I got best results with this network. But accuracy didn't go over 93%. I ran 80 epochs.

It is giving me pretty good results in real life but I got curious to see its predictions. So I've checked what softmax is returning for me. And result wasn't good. It usually 1 or very close to one or 0. Shouldn't be like this. What do you think was my mistake? Neural network is too big for 128x128 pixels or 64k data batch is too small for such a big network?

Answer 18 · 2017-03-15T09:31:24.000Z

Sory, I can't understand what's the problem. 93% is rother good accuracy. All dataset is spliited into train (80%) and test (20%) one, accuracy is calculated over a test set. So if you have 93% accuracy - the same accuracy should be in real life too.
Or maybe you want to improve quality even more?

Answer 19 · 2017-03-15T12:22:04.000Z

No the problem I think is with what confident results softmax returns me. My guess is results are too dense. But I'm new to this field as you can see. Just learnt a lot in couple weeks. If I output what softmax returns me it outputs numbers around 1.00, 0.00 or 0.9999, 0.0001 something from those lines.

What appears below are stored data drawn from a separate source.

(* Let $\mathcal{I}=\{1,\dots,\mathbf{I}\}$ be a nonempty finite index set, $\{n^i, i\in\mathcal{I}\}$ a finite collection of $d$-dimensional vectors of unit length, $\beta=(\beta_1,\dots,\beta_{\mathbf{I}})'\in\mathbb{R}^{\mathbf{I}}$, and $G_i=\{x\in\mathbb{R}^d:\langle n^i,x\rangle>\beta_i\}$ for $i\in\mathcal{I}$. Suppose $G=\bigcap_{i\in\mathcal{I}} G_i$ is a nonempty domain (so $\overline{G}$ is a convex polyhedron) and that $\partial G_i\cap\partial G\neq\emptyset$ for each $i\in\mathcal{I}$. Then: (a) for each $\varepsilon\in(0,1)$ there exists $R(\varepsilon)>0$ such that for each $i\in\mathcal{I}$, $x\in\partial G_i\cap\partial G$ and $y\in\overline{G}$ with $\|x-y\|<R(\varepsilon)$, we have $\langle n^i, y-x\rangle\ge -\varepsilon\|x-y\|$; and (b) the function $D:[0,\infty)\to[0,\infty]$ defined by $D(0)=0$ and, for $r>0$, $$D(r)=\sup_{\emptyset\neq\mathcal{J}\subset\mathcal{I}}\ \sup\Big\{\operatorname{dist}\Big(x,\bigcap_{j\in\mathcal{J}}(\partial G_j\cap\partial G)\Big): x\in\bigcap_{j\in\mathcal{J}}U_r(\partial G_j\cap\partial G)\Big\}$$ satisfies $D(r)\to 0$ as $r\to 0$.
   Context: $U_r(S)=\{x\in\mathbb{R}^d:\operatorname{dist}(x,S)\le r\}$ (with $U_r(\emptyset)=\emptyset$), $\operatorname{dist}(x,\emptyset)=\infty$, and the supremum over an empty set is taken to be zero. $\overline{G}$ is the closure and $\partial G$ the boundary of $G$. *)

theory Defs
  imports "HOL-Analysis.Analysis"
begin

definition nbhd :: "real \<Rightarrow> 'a::metric_space set \<Rightarrow> 'a set" where
  "nbhd r S = (if S = {} then {} else {x. infdist x S \<le> r})"

definition set_dist_inf :: "'a::metric_space \<Rightarrow> 'a set \<Rightarrow> ennreal" where
  "set_dist_inf x S = (if S = {} then top else ennreal (infdist x S))"
(* Let $m>0$ and let $U:[0,\infty)\to\mathbb{R}$ satisfy: $U\in C^{2}((0,\infty))\cap C^{1}([0,\infty))$, $U(0)=0$, $U'(q)>0$ for all $q>0$, and for each $E>0$ there is a unique $q_{\max}(E)>0$ with $U(q_{\max}(E))=E$. Consider trajectories $q(t)\ge 0$ of the conservative system $m\ddot q+U'(q)=0$, which conserve the energy $E=\frac12 m\dot q^2+U(q)$. Fix arbitrary constants $K>0$ and $M>0$. Define the energy coordinate \[ x(q)=\sqrt{\frac{2U(q)}{K}}, \] and define a reparametrised time $\tau$ along the trajectory by \[ \frac{d\tau}{dt}=\sqrt{\frac{M}{m}}\,\frac{dx}{dq}(q(t)). \] Then along every nontrivial conservative trajectory, $x$ as a function of $\tau$ satisfies \[ M\frac{d^{2}x}{d\tau^{2}}+Kx=0 . \]
   Context: $q$ is the contact penetration, $m$ the mass, $U$ the contact potential; a nontrivial trajectory is one with energy $E>0$. *)

theory Defs
  imports "HOL-Analysis.Analysis"
begin

definition xcoord :: "real \<Rightarrow> (real \<Rightarrow> real) \<Rightarrow> real \<Rightarrow> real" where
  "xcoord K U s = sqrt (2 * U s / K)"

end

theory Submission
  imports Defs "HOL-Complex_Analysis.Conformal_Mappings"
begin

text \<open>Since \<open>U(0) = 0\<close> and \<open>U' > 0\<close>, the energy coordinate \<open>x(q)\<close> is positive and
  differentiable for \<open>q > 0\<close>, with \<open>K x x' = U'\<close>. A trajectory with \<open>E > 0\<close> never touches
  \<open>q = 0\<close>: there \<open>q\<close> would be minimal, so \<open>q' = 0\<close> and \<open>E = U(0) = 0\<close>. Hence \<open>\<tau>\<close> is a strictly
  increasing differentiable time change, and in the new time \<open>dx/d\<tau> = sqrt(m/M) q'\<close> and
  \<open>M d\<^sup>2x/d\<tau>\<^sup>2 = m q''/x'(q) = -U'(q)/x'(q) = -K x\<close>.\<close>

lemma has_real_derivative_at_if_within_atLeast:
  fixes f :: "real \<Rightarrow> real"
  assumes "(f has_real_derivative D) (at x within {c..})" "c < x"
  shows "(f has_real_derivative D) (at x)"
proof -
  have "at x within {c..} = at x"
    by (intro at_within_interior) (simp add: \<open>c < x\<close>)
  with assms(1) show ?thesis
    by simp
qed

lemma DERIV_within_atLeast_pos_imp_increasing:
  fixes f f' :: "real \<Rightarrow> real"
  assumes deriv: "\<And>s. s \<ge> c \<Longrightarrow> (f has_real_derivative f' s) (at s within {c..})"
    and pos: "\<And>s. s > c \<Longrightarrow> f' s > 0" and "c \<le> a" "a < b"
  shows "f a < f b"
proof (rule DERIV_pos_imp_increasing_open[OF \<open>a < b\<close>])
  have "continuous_on {c..} f"
    unfolding continuous_on_eq_continuous_within using deriv by (auto intro: DERIV_continuous)
  then show "continuous_on {a..b} f"
    by (rule continuous_on_subset) (use \<open>c \<le> a\<close> in auto)
  fix x assume "a < x"
  with \<open>c \<le> a\<close> have "x > c"
    by simp
  with deriv[of x] have "(f has_real_derivative f' x) (at x)"
    by (simp add: has_real_derivative_at_if_within_atLeast)
  with pos[OF \<open>x > c\<close>] show "\<exists>y. (f has_real_derivative y) (at x) \<and> 0 < y"
    by blast
qed

lemma DERIV_pos_imp_strict_mono_on_interval:
  fixes f f' :: "real \<Rightarrow> real"
  assumes "is_interval I"
    and "\<And>t. t \<in> I \<Longrightarrow> (f has_real_derivative f' t) (at t)"
    and "\<And>t. t \<in> I \<Longrightarrow> f' t > 0"
  shows "strict_mono_on I f"
proof (rule strict_mono_onI)
  fix a b assume ab: "a \<in> I" "b \<in> I" "a < b"
  show "f a < f b"
  proof (rule DERIV_pos_imp_increasing[OF \<open>a < b\<close>])
    fix x assume "a \<le> x" "x \<le> b"
    with assms(1) ab have "x \<in> I"
      unfolding is_interval_1 by blast
    with assms(2,3) show "\<exists>y. (f has_real_derivative y) (at x) \<and> 0 < y"
      by blast
  qed
qed

lemma DERIV_min_on_open_imp_zero:
  fixes f :: "real \<Rightarrow> real"
  assumes "open S" "t \<in> S" "(f has_real_derivative d) (at t)"
    and "\<And>s. s \<in> S \<Longrightarrow> f t \<le> f s"
  shows "d = 0"
proof -
  obtain e where "e > 0" "ball t e \<subseteq> S"
    using assms(1,2) openE by blast
  with assms(4) show ?thesis
    by (intro DERIV_local_min[OF assms(3) \<open>e > 0\<close>]) (auto simp: dist_real_def subset_iff)
qed

lemma xcoord_has_real_derivative:
  assumes "K > 0" "U s > 0" "(U has_real_derivative u) (at s)"
  shows "(xcoord K U has_real_derivative u / (K * xcoord K U s)) (at s)"
proof -
  have "2 * U s / K > 0"
    using assms(1,2) by simp
  then have "((\<lambda>s. sqrt (2 * U s / K)) has_real_derivative
               inverse (sqrt (2 * U s / K)) / 2 * (2 * u / K)) (at s)"
    using assms(3) by (auto intro!: derivative_eq_intros)
  moreover have "inverse (sqrt (2 * U s / K)) / 2 * (2 * u / K) = u / (K * xcoord K U s)"
    using assms(1) by (simp add: xcoord_def field_simps)
  ultimately show ?thesis
    by (simp add: xcoord_def[abs_def])
qed

locale time_change =
  fixes I :: "real set" and \<tau> T :: "real \<Rightarrow> real"
  assumes open_I: "open I" and interval_I: "is_interval I"
    and \<tau>_deriv: "\<And>t. t \<in> I \<Longrightarrow> (\<tau> has_real_derivative T t) (at t)"
    and T_pos: "\<And>t. t \<in> I \<Longrightarrow> T t > 0"
begin

lemma strict_mono_on_\<tau>: "strict_mono_on I \<tau>"
  using interval_I \<tau>_deriv T_pos by (rule DERIV_pos_imp_strict_mono_on_interval)

lemma continuous_on_\<tau>: "continuous_on I \<tau>"
  using \<tau>_deriv by (intro continuous_at_imp_continuous_on ballI DERIV_isCont)

lemma inv_into_\<tau>: "t \<in> I \<Longrightarrow> inv_into I \<tau> (\<tau> t) = t"
  using strict_mono_on_imp_inj_on[OF strict_mono_on_\<tau>] by simp

lemma open_image_\<tau>: "open (\<tau> ` I)"
  by (rule invariance_of_domain[OF continuous_on_\<tau> open_I
        strict_mono_on_imp_inj_on[OF strict_mono_on_\<tau>]])

lemma has_real_derivative_comp_inv_into:
  assumes "t \<in> I" "(h has_real_derivative h') (at t)"
  shows "((\<lambda>r. h (inv_into I \<tau> r)) has_real_derivative h' / T t) (at (\<tau> t))"
proof -
  have g: "(inv_into I \<tau> has_real_derivative inverse (T t)) (at (\<tau> t))"
    using T_pos[OF assms(1)]
    by (intro has_field_derivative_inverse_strong[OF \<tau>_deriv _ open_I _ continuous_on_\<tau>])
       (auto simp: assms(1) inv_into_\<tau>)
  have "(h has_real_derivative h') (at (inv_into I \<tau> (\<tau> t)))"
    using assms by (simp add: inv_into_\<tau>)
  from DERIV_chain2[OF this g] show ?thesis
    by (simp add: divide_inverse)
qed

lemma second_derivative_comp_inv_into:
  assumes h: "\<And>t. t \<in> I \<Longrightarrow> (h has_real_derivative v t * T t) (at t)"
    and v: "\<And>t. t \<in> I \<Longrightarrow> (v has_real_derivative a t * T t) (at t)"
    and "t \<in> I"
  defines "X \<equiv> \<lambda>r. h (inv_into I \<tau> r)"
  shows "X differentiable (at (\<tau> t))" "deriv X differentiable (at (\<tau> t))"
    and "deriv (deriv X) (\<tau> t) = a t"
proof -
  have X: "(X has_real_derivative v s) (at (\<tau> s))" if "s \<in> I" for s
    using has_real_derivative_comp_inv_into[OF that h[OF that]] T_pos[OF that]
    by (simp add: X_def)
  have deriv_X: "deriv X r = v (inv_into I \<tau> r)" if "r \<in> \<tau> ` I" for r
    using that X[THEN DERIV_imp_deriv] inv_into_\<tau> by auto
  have "((\<lambda>r. v (inv_into I \<tau> r)) has_real_derivative a t) (at (\<tau> t))"
    using has_real_derivative_comp_inv_into[OF \<open>t \<in> I\<close> v[OF \<open>t \<in> I\<close>]] T_pos[OF \<open>t \<in> I\<close>]
    by simp
  then have X': "(deriv X has_real_derivative a t) (at (\<tau> t))"
    by (rule has_field_derivative_transform_within_open[OF _ open_image_\<tau>])
       (use \<open>t \<in> I\<close> deriv_X in auto)
  show "X differentiable (at (\<tau> t))"
    using X[OF \<open>t \<in> I\<close>] real_differentiable_def by blast
  show "deriv X differentiable (at (\<tau> t))"
    using X' real_differentiable_def by blast
  show "deriv (deriv X) (\<tau> t) = a t"
    using X' by (rule DERIV_imp_deriv)
qed

end

locale conservative_motion =
  fixes m K M E :: real and U U' :: "real \<Rightarrow> real"
    and I :: "real set" and q q' q'' :: "real \<Rightarrow> real"
  assumes m_pos: "m > 0" and K_pos: "K > 0" and M_pos: "M > 0"
    and U_deriv_within: "\<And>s. s \<ge> 0 \<Longrightarrow> (U has_real_derivative U' s) (at s within {0..})"
    and U0: "U 0 = 0" and U'_pos: "\<And>s. s > 0 \<Longrightarrow> U' s > 0"
    and open_I: "open I" and interval_I: "is_interval I"
    and q_deriv: "\<And>t. t \<in> I \<Longrightarrow> (q has_real_derivative q' t) (at t)"
    and q'_deriv: "\<And>t. t \<in> I \<Longrightarrow> (q' has_real_derivative q'' t) (at t)"
    and q_nonneg: "\<And>t. t \<in> I \<Longrightarrow> q t \<ge> 0"
    and motion: "\<And>t. t \<in> I \<Longrightarrow> m * q'' t + U' (q t) = 0"
    and energy: "\<And>t. t \<in> I \<Longrightarrow> m * (q' t)\<^sup>2 / 2 + U (q t) = E"
    and E_pos: "E > 0"
begin

definition dxcoord :: "real \<Rightarrow> real" where
  "dxcoord s = U' s / (K * xcoord K U s)"

lemma U_pos:
  assumes "s > 0"
  shows "U s > 0"
  using DERIV_within_atLeast_pos_imp_increasing[OF U_deriv_within U'_pos order.refl assms] U0
  by simp

lemma U_deriv:
  assumes "s > 0"
  shows "(U has_real_derivative U' s) (at s)"
  using assms U_deriv_within[of s] by (simp add: has_real_derivative_at_if_within_atLeast)

lemma xcoord_pos:
  assumes "s > 0"
  shows "xcoord K U s > 0"
  using U_pos[OF assms] K_pos by (simp add: xcoord_def)

lemma dxcoord_pos:
  assumes "s > 0"
  shows "dxcoord s > 0"
  using xcoord_pos[OF assms] U'_pos[OF assms] K_pos by (simp add: dxcoord_def)

lemma xcoord_has_derivative_dxcoord:
  assumes "s > 0"
  shows "(xcoord K U has_real_derivative dxcoord s) (at s)"
  unfolding dxcoord_def by (rule xcoord_has_real_derivative[OF K_pos U_pos[OF assms] U_deriv[OF assms]])

lemma q_pos:
  assumes "t \<in> I"
  shows "q t > 0"
proof (rule ccontr)
  assume "\<not> q t > 0"
  with q_nonneg[OF assms] have "q t = 0"
    by simp
  with q_nonneg have "\<And>s. s \<in> I \<Longrightarrow> q t \<le> q s"
    by simp
  with DERIV_min_on_open_imp_zero[OF open_I assms q_deriv[OF assms]] have "q' t = 0"
    by blast
  with energy[OF assms] \<open>q t = 0\<close> U0 E_pos show False
    by simp
qed

lemma harmonic_in_new_time:
  assumes \<tau>_deriv: "\<And>t. t \<in> I \<Longrightarrow> (\<tau> has_real_derivative sqrt (M / m) * dxcoord (q t)) (at t)"
    and "t \<in> I"
  defines "X \<equiv> \<lambda>r. xcoord K U (q (inv_into I \<tau> r))"
  shows "X differentiable (at (\<tau> t))" "deriv X differentiable (at (\<tau> t))"
    and "M * deriv (deriv X) (\<tau> t) + K * X (\<tau> t) = 0"
proof -
  define c where "c = sqrt (M / m)"
  have "c > 0" and c_square: "c\<^sup>2 = M / m"
    using m_pos M_pos by (simp_all add: c_def)
  have "(\<tau> has_real_derivative c * dxcoord (q s)) (at s)" "c * dxcoord (q s) > 0" if "s \<in> I" for s
    using \<tau>_deriv[OF that] dxcoord_pos[OF q_pos[OF that]] \<open>c > 0\<close> by (simp_all add: c_def)
  with open_I interval_I interpret time_change I \<tau> "\<lambda>s. c * dxcoord (q s)"
    by (simp add: time_change_def)
  have x_of_q: "((\<lambda>s. xcoord K U (q s)) has_real_derivative q' s / c * (c * dxcoord (q s))) (at s)"
    if "s \<in> I" for s
  proof -
    have "q' s / c * (c * dxcoord (q s)) = dxcoord (q s) * q' s"
      using \<open>c > 0\<close> by simp
    with DERIV_chain2[OF xcoord_has_derivative_dxcoord[OF q_pos[OF that]] q_deriv[OF that]]
    show ?thesis
      by simp
  qed
  have velocity: "((\<lambda>s. q' s / c) has_real_derivative
      q'' s / c\<^sup>2 / dxcoord (q s) * (c * dxcoord (q s))) (at s)" if "s \<in> I" for s
  proof -
    have "q'' s / c\<^sup>2 / dxcoord (q s) * (c * dxcoord (q s)) = q'' s / c"
      using dxcoord_pos[OF q_pos[OF that]] \<open>c > 0\<close> by (simp add: field_simps power2_eq_square)
    with DERIV_cdivide[OF q'_deriv[OF that]] show ?thesis
      by simp
  qed
  note X = second_derivative_comp_inv_into[OF x_of_q velocity \<open>t \<in> I\<close>]
  show "X differentiable (at (\<tau> t))" "deriv X differentiable (at (\<tau> t))"
    using X by (simp_all add: X_def)
  have "q t > 0" and "q'' t = - U' (q t) / m"
    using q_pos[OF \<open>t \<in> I\<close>] motion[OF \<open>t \<in> I\<close>] m_pos by (simp_all add: field_simps)
  then have "M * (q'' t / c\<^sup>2 / dxcoord (q t)) + K * xcoord K U (q t) = 0"
    unfolding c_square dxcoord_def
    using xcoord_pos[OF \<open>q t > 0\<close>] U'_pos[OF \<open>q t > 0\<close>] m_pos M_pos K_pos by (simp add: field_simps)
  with X \<open>t \<in> I\<close> show "M * deriv (deriv X) (\<tau> t) + K * X (\<tau> t) = 0"
    by (simp add: X_def inv_into_\<tau>)
qed

end

theorem theorem2:
  fixes m K M E :: real
    and U U' U'' :: "real \<Rightarrow> real"
    and I :: "real set"
    and q q' q'' \<tau> :: "real \<Rightarrow> real"
  assumes m_pos: "m > 0" and K_pos: "K > 0" and M_pos: "M > 0"
    \<comment> \<open>U in C^1([0,\<infinity>)) with derivative U'\<close>
    and U_C1: "\<And>s. s \<ge> 0 \<Longrightarrow> (U has_real_derivative U' s) (at s within {0..})"
    and U'_cont: "continuous_on {0..} U'"
    \<comment> \<open>U in C^2((0,\<infinity>)) with second derivative U''\<close>
    and U_C2: "\<And>s. s > 0 \<Longrightarrow> (U' has_real_derivative U'' s) (at s)"
    and U''_cont: "continuous_on {0<..} U''"
    and U0: "U 0 = 0"
    and U'_pos: "\<And>s. s > 0 \<Longrightarrow> U' s > 0"
    and qmax: "\<And>e. e > 0 \<Longrightarrow> \<exists>!qm. qm > 0 \<and> U qm = e"
    \<comment> \<open>a trajectory of m q'' + U'(q) = 0 on an open time interval I, with q \<ge> 0\<close>
    and I_open: "open I" and I_int: "is_interval I" and I_ne: "I \<noteq> {}"
    and q_d1: "\<And>t. t \<in> I \<Longrightarrow> (q has_real_derivative q' t) (at t)"
    and q_d2: "\<And>t. t \<in> I \<Longrightarrow> (q' has_real_derivative q'' t) (at t)"
    and q_nonneg: "\<And>t. t \<in> I \<Longrightarrow> q t \<ge> 0"
    and eqn: "\<And>t. t \<in> I \<Longrightarrow> m * q'' t + U' (q t) = 0"
    \<comment> \<open>conserved energy E, nontrivial: E > 0\<close>
    and energy: "\<And>t. t \<in> I \<Longrightarrow> m * (q' t)\<^sup>2 / 2 + U (q t) = E"
    and E_pos: "E > 0"
    \<comment> \<open>reparametrised time: d\<tau>/dt = sqrt(M/m) * dx/dq (q(t))\<close>
    and tau_deriv: "\<And>t. t \<in> I \<Longrightarrow>
        (\<tau> has_real_derivative sqrt (M / m) * deriv (xcoord K U) (q t)) (at t)"
  shows "\<forall>s \<in> \<tau> ` I.
           (let X = (\<lambda>r. xcoord K U (q (inv_into I \<tau> r))) in
              X differentiable (at s) \<and> deriv X differentiable (at s) \<and>
              M * deriv (deriv X) s + K * X s = 0)"
proof -
  interpret conservative_motion m K M E U U' I q q' q''
    using m_pos K_pos M_pos U_C1 U0 U'_pos I_open I_int q_d1 q_d2 q_nonneg eqn energy E_pos
    by (simp add: conservative_motion_def)
  have \<tau>_deriv: "(\<tau> has_real_derivative sqrt (M / m) * dxcoord (q t)) (at t)" if "t \<in> I" for t
    using tau_deriv[OF that] DERIV_imp_deriv[OF xcoord_has_derivative_dxcoord[OF q_pos[OF that]]]
    by simp
  show ?thesis
  proof
    fix s assume "s \<in> \<tau> ` I"
    then obtain t where "t \<in> I" "s = \<tau> t"
      by blast
    with harmonic_in_new_time[OF \<tau>_deriv] show "let X = (\<lambda>r. xcoord K U (q (inv_into I \<tau> r))) in
        X differentiable (at s) \<and> deriv X differentiable (at s) \<and> M * deriv (deriv X) s + K * X s = 0"
      by (simp add: Let_def)
  qed
qed

end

I'm just curious why my neural network is so confident on results, should probability ever go to 100% and in most cases be between 99-100%?

One more question would be would it be practical to add second fully connected layer on top of fully connected layer add another dropout and only then retrieve 2 final classes.

I also played with different kernel sizes, didn't give me any effect, just slowed down my training.

AdamOptimizer gave me quite an improvement on results.

Just happy to share what I've learnt.